The natural esters like sunflower oil, coconut oil and soy bean oil are used successfully in transformer systems [10, 11]. Even though coconut oil accounts low conductivity at higher temperature [12], it is not used for many reasons. Apart from the advantages in using vegetable oil as transformer fluids, it holds few disadvantages such as higher cost than mineral oil, high viscosity, poor oxidative stability [13] and poor dielectric constants at high temperature [14]. The examined study of vegetable oil in distribution transformer shows high thermal rise compared to mineral oil, but it did not surpass the international standards [15]. The shortcoming of vegetable oils in the application of industry is due to their natural forms (lack oxidative stability).

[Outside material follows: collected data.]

lemma gaps_in_dihedral:
  fixes g0 g1 g2 g3 h0 h1 h2 h3 :: nat
  assumes "{#h0, h1, h2, h3#} = {#g0, g1, g2, g3#}"
    and "(g0 + g2 = h0 + h2 \<and> g1 + g3 = h1 + h3) \<or> (g0 + g2 = h1 + h3 \<and> g1 + g3 = h0 + h2)"
  shows "(g0, g1, g2, g3) \<in> dihedral_gaps h0 h1 h2 h3"
  unfolding dihedral_gaps_def
  by (insert mset4_eq_cases[OF assms(1)] assms(2))
    (elim disjE conjE; drule mset3_eq_cases; elim disjE conjE; drule mset2_eq_cases;
      elim disjE conjE; simp; linarith)

lemma four_block_case:
  assumes N: "0 < N" and \<tau>: "\<tau> \<in> GF N" and \<sigma>: "\<sigma> \<in> GF N"
    and "card (sign_changes N \<tau>) = 4" "card (sign_changes N \<sigma>) = 4"
    and eq: "acorr N \<tau> = acorr N \<sigma>"
  shows "\<tau> \<in> sym_orbit N \<sigma>"
proof -
  obtain g0 g1 g2 g3 where g: "0 < g0" "0 < g1" "0 < g2" "0 < g3" "g0 + g1 + g2 + g3 = N"
    and \<tau>g: "four_block_seq N g0 g1 g2 g3 \<in> sym_orbit N \<tau>"
    using four_block_seq_in_sym_orbit[OF N \<tau> assms(4)] by blast
  obtain h0 h1 h2 h3 where h: "0 < h0" "0 < h1" "0 < h2" "0 < h3" "h0 + h1 + h2 + h3 = N"
    and \<sigma>h: "four_block_seq N h0 h1 h2 h3 \<in> sym_orbit N \<sigma>"
    using four_block_seq_in_sym_orbit[OF N \<sigma> assms(5)] by blast
  let ?P = "four_block_seq N g0 g1 g2 g3" and ?Q = "four_block_seq N h0 h1 h2 h3"
  have acorr_PQ: "acorr N ?P = acorr N ?Q"
    using acorr_sym_orbit[OF N \<tau>g] acorr_sym_orbit[OF N \<sigma>h] eq by simp
  then have "diff_corr N ?P = diff_corr N ?Q"
    by (simp add: fun_eq_iff diff_corr_acorr[OF N])
  then have gap_poly_eq: "gap_poly g0 g1 g2 g3 = gap_poly h0 h1 h2 h3"
    by (rule gap_poly_eq_if_diff_corr_eq[OF g h])
  have "(int g0 - int g1 + int g2 - int g3)\<^sup>2 = (int h0 - int h1 + int h2 - int h3)\<^sup>2"
    using sum_square_eq_if_acorr_eq[OF N acorr_PQ] by (simp add: sum_four_block_seq g(5) h(5))
  then have pairing: "(g0 + g2 = h0 + h2 \<and> g1 + g3 = h1 + h3) \<or> (g0 + g2 = h1 + h3 \<and> g1 + g3 = h0 + h2)"
    using g(5) h(5) unfolding power2_eq_iff by linarith
  then have "(1 + monom (1::int) (g0 + g2)) * (1 + monom 1 (g1 + g3)) = (1 + monom 1 (h0 + h2)) * (1 + monom 1 (h1 + h3))"
    by (auto simp: mult.commute)
  then have "gap_prod {#h0, h1, h2, h3#} = gap_prod {#g0, g1, g2, g3#}"
    unfolding gap_poly_add[symmetric] gap_poly_eq by simp
  then have "{#h0, h1, h2, h3#} = {#g0, g1, g2, g3#}"
    by (rule gap_prod_inj[rotated 2]) (use g h in auto)
  then have "(g0, g1, g2, g3) \<in> dihedral_gaps h0 h1 h2 h3"
    using pairing by (rule gaps_in_dihedral)
  then have "?P \<in> sym_orbit N ?Q"
    by (rule four_block_seq_dihedral[OF N h])
  then show ?thesis
    using sym_orbit_trans[OF N sym_orbit_sym[OF N \<tau> \<tau>g]] sym_orbit_trans[OF N _ \<sigma>h] by blast
qed
lemma uprodl_enumerate_eq_alt_prod:
  "n + length js = Suc k \<Longrightarrow>
   uprodl (map (\<lambda>(j, i). uadd (xx i) (usmul ((-1) ^ (k - j)) (xi i))) (enumerate n js)) = alt_prod js"
proof (induction js arbitrary: n)
  case Nil
  then show ?case by (simp add: uprodl_def)
next
  case (Cons i js)
  then have "k - n = length js" by simp
  with Cons show ?case by (simp add: uprodl_def factor_def)
qed

lemma alt_prod_snoc: "alt_prod (js @ [i]) = umul (parity (alt_prod js)) (factor 1 i)"
  by (induction js) (simp_all add: umul_assoc parity_umul parity_factor)

lemma counit_alt_prod: "js \<noteq> [] \<Longrightarrow> counit (alt_prod js) = 0"
  by (cases js) (simp_all add: counit_umul counit_factor)

definition ksubsets :: "nat \<Rightarrow> nat \<Rightarrow> nat set set" where
  "ksubsets m k = {I. I \<subseteq> {1..m} \<and> card I = k}"

lemma finite_ksubsets [simp]: "finite (ksubsets m k)"
  unfolding ksubsets_def by (rule finite_subset[of _ "Pow {1..m}"]) auto

lemma ksubsets_0: "ksubsets m 0 = {{}}"
  by (auto simp: ksubsets_def dest: finite_subset)

lemma ksubsets_eq_empty: "m < k \<Longrightarrow> ksubsets m k = {}"
  by (auto simp: ksubsets_def dest: card_mono[OF finite_atLeastAtMost])

lemma ksubsets_Suc_Suc:
  "ksubsets (Suc m) (Suc k) = ksubsets m (Suc k) \<union> insert (Suc m) ` ksubsets m k"
proof (intro equalityI subsetI)
  fix I assume I: "I \<in> ksubsets (Suc m) (Suc k)"
  then have "finite I"
    by (auto simp: ksubsets_def intro: finite_subset)
  show "I \<in> ksubsets m (Suc k) \<union> insert (Suc m) ` ksubsets m k"
  proof (cases "Suc m \<in> I")
    case True
    then have "I = insert (Suc m) (I - {Suc m})" and "I - {Suc m} \<in> ksubsets m k"
      using I \<open>finite I\<close> by (auto simp: ksubsets_def)
    then show ?thesis by blast
  next
    case False
    then show ?thesis
      using I by (auto simp: ksubsets_def le_Suc_eq)
  qed
next
  fix I assume "I \<in> ksubsets m (Suc k) \<union> insert (Suc m) ` ksubsets m k"
  then show "I \<in> ksubsets (Suc m) (Suc k)"
  proof
    assume "I \<in> insert (Suc m) ` ksubsets m k"
    then obtain J where "J \<subseteq> {1..m}" "card J = k" "I = insert (Suc m) J"
      by (auto simp: ksubsets_def)
    moreover from this have "finite J" "Suc m \<notin> J"
      by (auto intro: finite_subset)
    ultimately show ?thesis
      by (auto simp: ksubsets_def)
  qed (auto simp: ksubsets_def)
qed

lemma ksubsets_disjoint: "ksubsets m k \<inter> insert (Suc m) ` ksubsets m j = {}"
  by (auto simp: ksubsets_def)

lemma inj_on_insert_ksubsets: "inj_on (insert (Suc m)) (ksubsets m k)"
proof (rule inj_onI)
  fix A B assume "A \<in> ksubsets m k" "B \<in> ksubsets m k" and eq: "insert (Suc m) A = insert (Suc m) B"
  then have "Suc m \<notin> A" "Suc m \<notin> B"
    by (auto simp: ksubsets_def)
  then show "A = B"
    using eq by (metis Diff_insert_absorb)
qed
lemma tableaux_comp:
  assumes sp: "\<sigma> permutes {1..sum_list \<nu>}" and T: "T \<in> tableaux \<nu>"
  shows "\<sigma> \<circ> T \<in> tableaux \<nu>"
proof -
  have "bij_betw (\<sigma> \<circ> T) (young \<nu>) {1..sum_list \<nu>}"
    using bij_betw_trans[of T "young \<nu>" "{1..sum_list \<nu>}" \<sigma>] T permutes_imp_bij[OF sp]
    by (simp add: tableaux_def)
  moreover have "\<sigma> 0 = 0" using permutes_not_in[OF sp] by simp
  ultimately show ?thesis using T by (simp add: tableaux_def)
qed

lemma tableaux_comp_image:
  assumes sp: "\<sigma> permutes {1..sum_list \<nu>}"
  shows "(\<lambda>T. \<sigma> \<circ> T) ` tableaux \<nu> = tableaux \<nu>"
proof
  show "(\<lambda>T. \<sigma> \<circ> T) ` tableaux \<nu> \<subseteq> tableaux \<nu>" using tableaux_comp[OF sp] by blast
  show "tableaux \<nu> \<subseteq> (\<lambda>T. \<sigma> \<circ> T) ` tableaux \<nu>"
  proof
    fix T assume "T \<in> tableaux \<nu>"
    moreover have "T = \<sigma> \<circ> (inv \<sigma> \<circ> T)" using permutes_inv_o(1)[OF sp] by (simp add: o_assoc)
    ultimately show "T \<in> (\<lambda>T. \<sigma> \<circ> T) ` tableaux \<nu>"
      using tableaux_comp[OF permutes_inv[OF sp]] by blast
  qed
qed

lemma finite_young: "finite (young \<nu>)"
proof (rule finite_subset)
  show "young \<nu> \<subseteq> {..<length \<nu>} \<times> {..<Suc (sum_list \<nu>)}"
    using elem_le_sum_list[of _ \<nu>] by (fastforce simp: young_def)
qed simp

lemma finite_tableaux: "finite (tableaux \<nu>)"
proof -
  have "(\<lambda>T. restrict T (young \<nu>)) ` tableaux \<nu> \<subseteq> PiE (young \<nu>) (\<lambda>_. {1..sum_list \<nu>})"
    by (auto simp: tableaux_def bij_betw_def)
  then have "finite ((\<lambda>T. restrict T (young \<nu>)) ` tableaux \<nu>)"
    by (rule finite_subset) (simp add: finite_PiE[OF finite_young])
  moreover have "inj_on (\<lambda>T. restrict T (young \<nu>)) (tableaux \<nu>)"
    by (rule inj_onI) (auto simp: tableaux_def restrict_def fun_eq_iff, metis)
  ultimately show ?thesis using finite_imageD by blast
qed

lemma specht_coord_frame:
  obtains bs r where "coord_frame (specht \<nu>) {..<r} bs (\<lambda>i u. coord bs r u i)"
  using span_of_coord_frame[OF finite_tableaux] unfolding specht_def span_of_def by blast

lemma perm_act_specht:
  assumes sp: "\<sigma> permutes {1..sum_list \<nu>}" and u: "u \<in> specht \<nu>"
  shows "perm_act \<sigma> u \<in> specht \<nu>"
proof -
  obtain c where u: "u = (\<lambda>t. \<Sum>T\<in>tableaux \<nu>. c T * polytabloid \<nu> T t)"
    using u by (auto simp: specht_def)
  have inj: "inj_on (\<lambda>T. \<sigma> \<circ> T) (tableaux \<nu>)"
    by (rule inj_on_inverseI[where g = "\<lambda>T. inv \<sigma> \<circ> T"])
      (simp add: comp_assoc[symmetric] permutes_inv_o(2)[OF sp])
  have "perm_act \<sigma> u = (\<lambda>t. \<Sum>T\<in>tableaux \<nu>. c T * polytabloid \<nu> (\<sigma> \<circ> T) t)"
    by (simp add: u perm_act_sum perm_act_polytabloid[OF sp])
  also have "\<dots> = (\<lambda>t. \<Sum>T\<in>tableaux \<nu>. c (inv \<sigma> \<circ> T) * polytabloid \<nu> T t)"
    using sum.reindex[OF inj, of "\<lambda>T. c (inv \<sigma> \<circ> T) * polytabloid \<nu> T _"]
    by (simp add: tableaux_comp_image[OF sp] comp_assoc[symmetric] permutes_inv_o(2)[OF sp])
  finally show ?thesis unfolding specht_def by (intro CollectI exI[of _ "\<lambda>T. c (inv \<sigma> \<circ> T)"]) simp
qed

The performance of natural ester depends on the composition of fatty acids present in oil. The natural esters like sunflower, soybean oil, rape seed oil and corn oil contain high levels of such element [16]. The decrease in oxidative stability and shelf life extension is due to the removal of antioxidants [17, 18]. The work also evaluates the effectiveness of less toxic new antioxidants derived from natural extracts. Several synthetic antioxidants which act as oxidative inhibitors are investigated. The study reveals that the performance of antioxidants depends on the natural ester and its production technology [19, 20]. The study conducted in soybean oil reveal that, 0.7 wt. % and 0.8 wt. % of synthetic antioxidants like BHA (Butylated Hydroxy Anisole), BHT (Butylated Hydroxy Toluene) and TBHQ (Tert Butyl Hydroxy Quinone) can increase the induction time of oil and much relatively increases oil stability [21].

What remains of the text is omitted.